───── TASK MATERIAL
(* For every nonzero integer $n$, \[\left\lfloor\frac{1}{e^{\sqrt2/n}-1}\right\rfloor=\left\lfloor\frac{n}{\sqrt2}-\frac12\right\rfloor.\]
   Context: $\lfloor x\rfloor$ denotes the floor of $x$. *)

theory Defs
  imports Complex_Main
begin

end

theory Submission
  imports Defs
begin

text \<open>
  Write f(y) = 1/(e^y - 1) and c(n) = n/sqrt 2 - 1/2, so that f(sqrt 2/n) is approximated
  by 1/y - 1/2 = c(n) with y = sqrt 2/n.  The proof combines two estimates.

  Analytic side: truncated Taylor series of exp give |f(y) - (1/y - 1/2)| <= |y|/10
  for 0 < |y| <= 3/2 (first for y > 0, then for y < 0 via f(-y) = -1 - f(y)).

  Arithmetic side: for odd k the integer k^2 - 2n^2 is odd, hence nonzero, which forces
  |k - n sqrt 2| > sqrt 2/(5|n|); with k = 2m+1 this says every integer m lies at distance
  more than sqrt 2/(10|n|) from c(n).

  Finally, a real number u that is closer to c than every integer has the same floor as c.
\<close>

lemma exp_ge_taylor_partial_sum:
  fixes x :: real and n :: nat
  assumes "0 \<le> x \<or> even n"
  shows "(\<Sum>m<n. x ^ m / fact m) \<le> exp x"
proof -
  obtain t where "exp x = (\<Sum>m<n. x ^ m / fact m) + exp t / fact n * x ^ n"
    using Maclaurin_exp_le by blast
  moreover have "0 \<le> x ^ n"
    using assms by (auto simp: zero_le_power_eq)
  ultimately show ?thesis
    by (simp add: add_increasing2)
qed

lemma inverse_exp_minus_one_upper:
  fixes y :: real
  assumes "0 < y"
  shows "1 / (exp y - 1) \<le> 1 / y - 1 / 2 + y / 10"
proof -
  define P where "P = 1 + y/2 + y^2/6 + y^3/24"
  have "P > 0"
    using assms unfolding P_def by (simp add: add_pos_nonneg)
  then have yP: "y * P > 0"
    using assms by simp
  have "(\<Sum>m<5. y ^ m / fact m) = 1 + y * P"
    by (simp add: P_def numeral_eq_Suc fact_numeral eval_nat_numeral algebra_simps)
  then have "1 + y * P \<le> exp y"
    using exp_ge_taylor_partial_sum[of y 5] assms by simp
  then have "1 / (exp y - 1) \<le> 1 / (y * P)"
    using yP by (simp add: frac_le)
  also have "\<dots> \<le> 1 / y - 1 / 2 + y / 10"
  proof -
    have "P * (1 - y/2 + y^2/10) - 1 = y^2/240 * (y * ((y - 1/2)^2 + 7/4) + 4)"
      unfolding P_def by (simp add: field_simps power2_eq_square power3_eq_cube power4_eq_xxxx)
    moreover have "0 \<le> y^2/240 * (y * ((y - 1/2)^2 + 7/4) + 4)"
      using assms by simp
    ultimately have "1 \<le> P * (1 - y/2 + y^2/10)"
      by linarith
    then have "1 \<le> (y * P) * (1 / y - 1 / 2 + y / 10)"
      using assms by (simp add: algebra_simps power2_eq_square)
    then show ?thesis
      using yP by (simp add: divide_simps mult.commute)
  qed
  finally show ?thesis .
qed

text \<open>Lower estimate for f(y), valid for 0 < y <= 3/2.  It is obtained from
  f(y) = e^(-y)/(1 - e^(-y)), which is increasing in e^(-y), and the cubic Taylor
  lower bound L for e^(-y).\<close>

lemma inverse_exp_minus_one_lower:
  fixes y :: real
  assumes "0 < y" "y \<le> 3/2"
  shows "1 / y - 1 / 2 - y / 10 \<le> 1 / (exp y - 1)"
proof -
  define L where "L = 1 - y + y^2/2 - y^3/6"
  define S where "S = 1 - y/2 + y^2/6"
  have "S = (y - 3/2)^2 / 6 + 5/8"
    by (simp add: S_def power2_eq_square field_simps)
  then have "S > 0"
    by (simp add: add_nonneg_pos)
  then have yS: "y * S > 0"
    using assms by simp
  have L_S: "1 - L = y * S"
    unfolding L_def S_def by (simp add: algebra_simps power2_eq_square power3_eq_cube)
  have "(\<Sum>m<4. (-y) ^ m / fact m) = L"
    by (simp add: L_def numeral_eq_Suc fact_numeral eval_nat_numeral algebra_simps)
  then have L_le: "L \<le> exp (-y)"
    using exp_ge_taylor_partial_sum[of "-y" 4] by simp
  have "exp (-y) < 1"
    using assms by simp
  have "L - (1 - y/2 - y^2/10) * S = y^2/60 * ((4 - y)^2 - 5)"
    unfolding L_def S_def by (simp add: field_simps power2_eq_square power3_eq_cube power4_eq_xxxx)
  moreover have "(5/2)^2 \<le> (4 - y)^2"
    using assms by (intro power_mono) auto
  then have "0 \<le> y^2/60 * ((4 - y)^2 - 5)"
    by (simp add: power2_eq_square)
  ultimately have "(1 - y/2 - y^2/10) * S \<le> L"
    by linarith
  then have "(1 / y - 1 / 2 - y / 10) * (y * S) \<le> L"
    using assms by (simp add: algebra_simps power2_eq_square)
  then have "1 / y - 1 / 2 - y / 10 \<le> L / (1 - L)"
    using L_S yS by (simp add: divide_simps)
  also have "\<dots> \<le> exp (-y) / (1 - exp (-y))"
    using L_le \<open>exp (-y) < 1\<close> L_S yS by (simp add: divide_simps algebra_simps)
  also have "\<dots> = 1 / (exp y - 1)"
    using assms by (simp add: exp_minus field_simps)
  finally show ?thesis .
qed

lemma inverse_exp_minus_one_reflect:
  fixes y :: real
  assumes "y \<noteq> 0"
  shows "1 / (exp (-y) - 1) = -1 - 1 / (exp y - 1)"
proof -
  have "exp y - 1 \<noteq> 0" and "1 - exp y \<noteq> 0"
    using assms by auto
  then show ?thesis
    by (simp add: exp_minus field_simps)
qed

lemma inverse_exp_minus_one_approx:
  fixes y :: real
  assumes "y \<noteq> 0" "\<bar>y\<bar> \<le> 3/2"
  shows "\<bar>1 / (exp y - 1) - (1 / y - 1 / 2)\<bar> \<le> \<bar>y\<bar> / 10"
proof -
  have pos: "\<bar>1 / (exp z - 1) - (1 / z - 1 / 2)\<bar> \<le> z / 10" if "0 < z" "z \<le> 3/2" for z :: real
    using inverse_exp_minus_one_upper[of z] inverse_exp_minus_one_lower[of z] that by linarith
  show ?thesis
  proof (cases "y > 0")
    case True
    then show ?thesis using pos[of y] assms by simp
  next
    case False
    then have "0 < -y" "-y \<le> 3/2"
      using assms by auto
    moreover have "1 / (exp y - 1) - (1 / y - 1 / 2)
        = -(1 / (exp (-y) - 1) - (1 / (-y) - 1 / 2))"
      using inverse_exp_minus_one_reflect[of "-y"] assms by simp
    ultimately show ?thesis
      using pos[of "-y"] False by simp
  qed
qed

text \<open>An odd integer k is never close to n sqrt 2: since k^2 - 2n^2 is odd, the product
  (k - n sqrt 2)(k + n sqrt 2) has absolute value at least 1.\<close>

lemma odd_far_from_sqrt2_multiple:
  fixes k n :: int
  assumes "odd k" "n \<noteq> 0"
  shows "sqrt 2 / (5 * \<bar>real_of_int n\<bar>) < \<bar>real_of_int k - real_of_int n * sqrt 2\<bar>"
proof (rule ccontr)
  define d where "d = real_of_int k - real_of_int n * sqrt 2"
  define N where "N = \<bar>real_of_int n\<bar>"
  have N1: "1 \<le> N"
    using assms(2) unfolding N_def by linarith
  have s2: "sqrt 2 * sqrt 2 = (2::real)"
    by simp
  assume "\<not> ?thesis"
  then have "\<bar>d\<bar> \<le> sqrt 2 / (5 * N)"
    unfolding d_def N_def by simp
  then have dN: "\<bar>d\<bar> * N \<le> sqrt 2 / 5"
    using N1 by (simp add: field_simps)
  moreover have "\<bar>d\<bar> \<le> \<bar>d\<bar> * N"
    using N1 by (simp add: mult_le_cancel_left1)
  ultimately have d_small: "\<bar>d\<bar> \<le> sqrt 2 / 5"
    by linarith
  have "odd (k^2 - 2 * n^2)"
    using assms(1) by simp
  then have "k^2 - 2 * n^2 \<noteq> 0"
    by (metis even_zero)
  then have "1 \<le> \<bar>real_of_int (k^2 - 2 * n^2)\<bar>"
    by linarith
  also have "real_of_int (k^2 - 2 * n^2) = d * (d + 2 * real_of_int n * sqrt 2)"
    unfolding d_def by (simp add: algebra_simps power2_eq_square s2)
  also have "\<bar>d * (d + 2 * real_of_int n * sqrt 2)\<bar> \<le> \<bar>d\<bar> * (\<bar>d\<bar> + 2 * N * sqrt 2)"
    unfolding abs_mult N_def
    by (intro mult_left_mono) (auto simp: abs_mult intro: order.trans[OF abs_triangle_ineq])
  also have "\<dots> = \<bar>d\<bar> * \<bar>d\<bar> + 2 * sqrt 2 * (\<bar>d\<bar> * N)"
    by (simp add: algebra_simps)
  also have "\<dots> \<le> (sqrt 2 / 5) * (sqrt 2 / 5) + 2 * sqrt 2 * (sqrt 2 / 5)"
    using d_small dN by (intro add_mono mult_mono mult_left_mono) auto
  also have "\<dots> = 22 / 25"
    using s2 by (simp add: field_simps)
  finally show False
    by simp
qed

lemma integers_far_from_approximation:
  fixes m n :: int
  assumes "n \<noteq> 0"
  shows "sqrt 2 / (10 * \<bar>real_of_int n\<bar>) < \<bar>real_of_int m - (real_of_int n / sqrt 2 - 1 / 2)\<bar>"
proof -
  have "real_of_int n / sqrt 2 = real_of_int n * sqrt 2 / 2"
    by (simp add: field_simps)
  then have "real_of_int m - (real_of_int n / sqrt 2 - 1 / 2)
      = (real_of_int (2 * m + 1) - real_of_int n * sqrt 2) / 2"
    by simp
  then show ?thesis
    using odd_far_from_sqrt2_multiple[of "2 * m + 1" n] assms by simp
qed

lemma floor_eq_if_closer_than_integers:
  fixes u c \<delta> :: real
  assumes far: "\<And>m::int. \<delta> < \<bar>real_of_int m - c\<bar>" and near: "\<bar>u - c\<bar> \<le> \<delta>"
  shows "\<lfloor>u\<rfloor> = \<lfloor>c\<rfloor>"
proof (rule linorder_cases[of "\<lfloor>u\<rfloor>" "\<lfloor>c\<rfloor>"])
  assume "\<lfloor>u\<rfloor> < \<lfloor>c\<rfloor>"
  then have "u < real_of_int \<lfloor>c\<rfloor>" and "real_of_int \<lfloor>c\<rfloor> \<le> c"
    by linarith+
  then show ?thesis
    using far[of "\<lfloor>c\<rfloor>"] near by linarith
next
  assume "\<lfloor>c\<rfloor> < \<lfloor>u\<rfloor>"
  then have "c < real_of_int \<lfloor>u\<rfloor>" and "real_of_int \<lfloor>u\<rfloor> \<le> u"
    by linarith+
  then show ?thesis
    using far[of "\<lfloor>u\<rfloor>"] near by linarith
qed

theorem mainTheorem14:
  fixes n :: int
  assumes "n \<noteq> 0"
  shows "\<lfloor>1 / (exp (sqrt 2 / real_of_int n) - 1)\<rfloor> = \<lfloor>real_of_int n / sqrt 2 - 1 / 2\<rfloor>"
proof (rule floor_eq_if_closer_than_integers)
  define y where "y = sqrt 2 / real_of_int n"
  have "\<bar>y\<bar> \<le> sqrt 2"
    using assms unfolding y_def by (simp add: abs_div divide_le_eq)
  also have "sqrt 2 \<le> (3/2 :: real)"
    by (rule real_le_lsqrt) (auto simp: power2_eq_square)
  finally have "\<bar>y\<bar> \<le> 3/2" .
  moreover have "y \<noteq> 0" "1 / y = real_of_int n / sqrt 2"
    "\<bar>y\<bar> / 10 = sqrt 2 / (10 * \<bar>real_of_int n\<bar>)"
    using assms by (simp_all add: y_def abs_div)
  ultimately show "\<bar>1 / (exp (sqrt 2 / real_of_int n) - 1) - (real_of_int n / sqrt 2 - 1 / 2)\<bar>
      \<le> sqrt 2 / (10 * \<bar>real_of_int n\<bar>)"
    using inverse_exp_minus_one_approx[of y] unfolding y_def by simp
  show "sqrt 2 / (10 * \<bar>real_of_int n\<bar>) < \<bar>real_of_int m - (real_of_int n / sqrt 2 - 1 / 2)\<bar>"
    for m :: int
    using integers_far_from_approximation[OF assms] .
qed

end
──────────
WORK REQUIRED
In the entries above, find each line with the word "False" and return it.

YOUR SOLUTION
    case False
      using pos[of "-y"] False by simp
  finally show False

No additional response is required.